(Items from a data source)
******************************

lemma emp_norm_power2: "(emp_norm X n f)\<^sup>2 = (1 / real n) * (\<Sum>i<n. (f (X i))\<^sup>2)"
  unfolding emp_norm_def by (simp add: sum_nonneg)

lemma emp_norm_eq_L2_set: "emp_norm X n f = sqrt (1 / real n) * L2_set (\<lambda>i. f (X i)) {..<n}"
  unfolding emp_norm_def L2_set_def by (simp add: real_sqrt_mult[symmetric])

lemma emp_norm_add_le: "emp_norm X n (\<lambda>x. f x + g x) \<le> emp_norm X n f + emp_norm X n g"
  using mult_left_mono[OF L2_set_triangle_ineq[of "\<lambda>i. f (X i)" "\<lambda>i. g (X i)" "{..<n}"],
      of "sqrt (1 / real n)"]
  by (simp add: emp_norm_eq_L2_set distrib_left)

lemma emp_norm_mult: "emp_norm X n (\<lambda>x. c * f x) = \<bar>c\<bar> * emp_norm X n f"
proof -
  have "L2_set (\<lambda>i. c * f (X i)) {..<n} = \<bar>c\<bar> * L2_set (\<lambda>i. f (X i)) {..<n}"
    unfolding L2_set_def
    by (simp add: power_mult_distrib real_sqrt_mult sum_nonneg flip: sum_distrib_left)
  then show ?thesis
    by (simp add: emp_norm_eq_L2_set)
qed

lemma emp_norm_diff_le: "emp_norm X n (\<lambda>x. f x - g x) \<le> emp_norm X n f + emp_norm X n g"
  using emp_norm_add_le[of X n f "\<lambda>x. (-1) * g x"] emp_norm_mult[of X n "-1" g] by simp

lemma emp_norm_convex:
  assumes "0 \<le> t" "t \<le> 1"
  shows "emp_norm X n (\<lambda>x. (1 - t) * f x + t * g x) \<le> (1 - t) * emp_norm X n f + t * emp_norm X n g"
  using emp_norm_add_le[of X n "\<lambda>x. (1 - t) * f x" "\<lambda>x. t * g x"] assms by (simp add: emp_norm_mult)

lemma emp_inner_sum: "emp_inner X n e (\<lambda>x. \<Sum>j<p. f j x) = (\<Sum>j<p. emp_inner X n e (f j))"
  unfolding emp_inner_def by (simp add: sum_distrib_left sum.swap[of _ "{..<n}"])

lemma emp_inner_mult: "emp_inner X n e (\<lambda>x. c * f x) = c * emp_inner X n e f"
  unfolding emp_inner_def by (simp add: sum_distrib_left algebra_simps)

******************************

The problem:
Start with the line above that contains "by (simp add: emp_norm_eq_L2_set distrib_left)" and stop after the line that contains "by (simp add: power_mult_distrib". Output those lines exactly, and only those.

Your solution:
  by (simp add: emp_norm_eq_L2_set distrib_left)

lemma emp_norm_mult: "emp_norm X n (\<lambda>x. c * f x) = \<bar>c\<bar> * emp_norm X n f"
proof -
  have "L2_set (\<lambda>i. c * f (X i)) {..<n} = \<bar>c\<bar> * L2_set (\<lambda>i. f (X i)) {..<n}"
    unfolding L2_set_def
    by (simp add: power_mult_distrib real_sqrt_mult sum_nonneg flip: sum_distrib_left)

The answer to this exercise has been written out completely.